Heads turn to look at us—partly because I’m with West, who appears to be a superstar at Fight Club. The other part of the stares is because I’m wearing a dress—a pink one at that. I figure if West is going to call me Princess, I might as well play the part well. Part of me regrets the decision, but I know that once I get into the ring I will fight just as well in this dress as any of the girls fight in their workout gear.
“Regretting the dress?” West leans closer, whispering the words in my ear.
I hate how his whisper causes chills to break out on my arms. I narrow my eyes at him. “No. I’ll kick the butt of whoever you put in that ring with me. Maybe this time you can choose somebody who will actually be a challenge.”
West smirks. “Whatever you say, Princess.”
He lets go of my hand and walks away, leaving me at the front of the ring by myself. It doesn’t matter—I don’t need him to hold my hand. But it is weird to be standing here alone. I’m not used to being alone. Our two-bedroom condo is so small to have five people living in it. And since the guys moved me into their room, I literally have no time to myself. Somebody is always around. Now that I’m alone, I can’t help but feel a little lonely.

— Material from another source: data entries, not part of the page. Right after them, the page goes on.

(* Let $V$ be a vertex algebra and $M$ a subspace of $V$ with $C_2(V)\subseteq M$ and $\dim_{\mathbb{C}}M/C_2(V)<\infty$. Then $M$ is an $MZ_{0,-1}$-subspace of $V$ if and only if $r(M/C_2(V))$ is an ideal of the commutative associative algebra $V/C_2(V)$.
   Context: A vertex algebra $(V,Y,\mathbf{1})$ is over $\mathbb{C}$; for $u\in V$ write $Y(u,z)=\sum_{n\in\mathbb{Z}}u_nz^{-n-1}$ with $u_n\in\operatorname{End}V$. Iterated products are nested to the right: $v_{n_1}\cdots v_{n_t}v=v_{n_1}(\cdots(v_{n_t}v))$. $C_2(V)=\operatorname{span}_{\mathbb{C}}\{u_{-2}v: u,v\in V\}$; $V/C_2(V)$ is a commutative associative unital algebra with product $(a+C_2(V))(b+C_2(V))=a_{-1}b+C_2(V)$. For a subspace $M\subseteq V$: $r_{0,-1}(M)$ is the set of $v\in V$ for which there is $m\ge 0$ with $v_{n_1}\cdots v_{n_t}v\in M$ for all $t\ge m$ and all $n_1,\dots,n_t\in\{0,-1\}$. $lsr_{0,-1}(M)$ is the set of $v\in V$ such that for every $b\in V$ there is $m\ge0$ with $b_sv_{n_1}\cdots v_{n_t}v\in M$ for all $t\ge m$ and all $s,n_1,\dots,n_t\in\{0,-1\}$. $rsr_{0,-1}(M)$ is the set of $v\in V$ such that for every $w\in V$ there is $m\ge 0$ with $(v_{n_1}\cdots v_{n_t}v)_nw\in M$ for all $t\ge m$ and all $n,n_1,\dots,n_t\in\{0,-1\}$. $sr_{0,-1}(M)=lsr_{0,-1}(M)\cap rsr_{0,-1}(M)$. $M$ is an $MZ_{0,-1}$-subspace of $V$ if $r_{0,-1}(M)=sr_{0,-1}(M)$. For a commutative associative unital algebra $A$ and a subspace $U$: $r(U)=\{a\in A:\exists m\ge1,\ a^t\in U\ \forall t\ge m\}$. *)

theory Defs
  imports Complex_Main
begin

text \<open>A vertex algebra over the complex numbers, presented by its underlying complex
vector space (scalar multiplication sc), the modes md u n v = u_n v (so that
Y(u,z) = sum of u_n z^(-n-1)) and the vacuum vector vac.  The Jacobi identity is
stated in its equivalent component form (Borcherds identity); all occurring sums
are finite by the truncation axiom, expressed by requiring equality of all
sufficiently long partial sums.\<close>

definition borch_lhs ::
  "('v::ab_group_add \<Rightarrow> int \<Rightarrow> 'v \<Rightarrow> 'v) \<Rightarrow> (complex \<Rightarrow> 'v \<Rightarrow> 'v) \<Rightarrow> 'v \<Rightarrow> 'v \<Rightarrow> 'v \<Rightarrow> int \<Rightarrow> int \<Rightarrow> int \<Rightarrow> nat \<Rightarrow> 'v" where
  "borch_lhs md sc u v w p q r N =
     (\<Sum>i=0..N. sc ((of_int p :: complex) gchoose i) (md (md u (r + int i) v) (p + q - int i) w))"

definition borch_rhs ::
  "('v::ab_group_add \<Rightarrow> int \<Rightarrow> 'v \<Rightarrow> 'v) \<Rightarrow> (complex \<Rightarrow> 'v \<Rightarrow> 'v) \<Rightarrow> 'v \<Rightarrow> 'v \<Rightarrow> 'v \<Rightarrow> int \<Rightarrow> int \<Rightarrow> int \<Rightarrow> nat \<Rightarrow> 'v" where
  "borch_rhs md sc u v w p q r N =
     (\<Sum>i=0..N. sc ((-1) ^ i * ((of_int r :: complex) gchoose i))
        (md u (p + r - int i) (md v (q + int i) w)
         - sc ((-1) powi r) (md v (q + r - int i) (md u (p + int i) w))))"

I glance around, looking for West. I hate that I am looking for him. I try to tell myself I’m only looking because I’m worried he will leave me here, but that’s not true. West Newman just consumes my thoughts more than I care to admit.
Jealousy hits me hard when I find West standing at the edge of the room. He’s standing next to a ginger haired girl tonight. They are standing way closer than I’d like for them to be. I have to remind myself that I have no claim on West. We shared one kiss, and that was weeks ago. We aren’t anything but friends. Still, as he leans closer to her and he kisses her, something comes over me.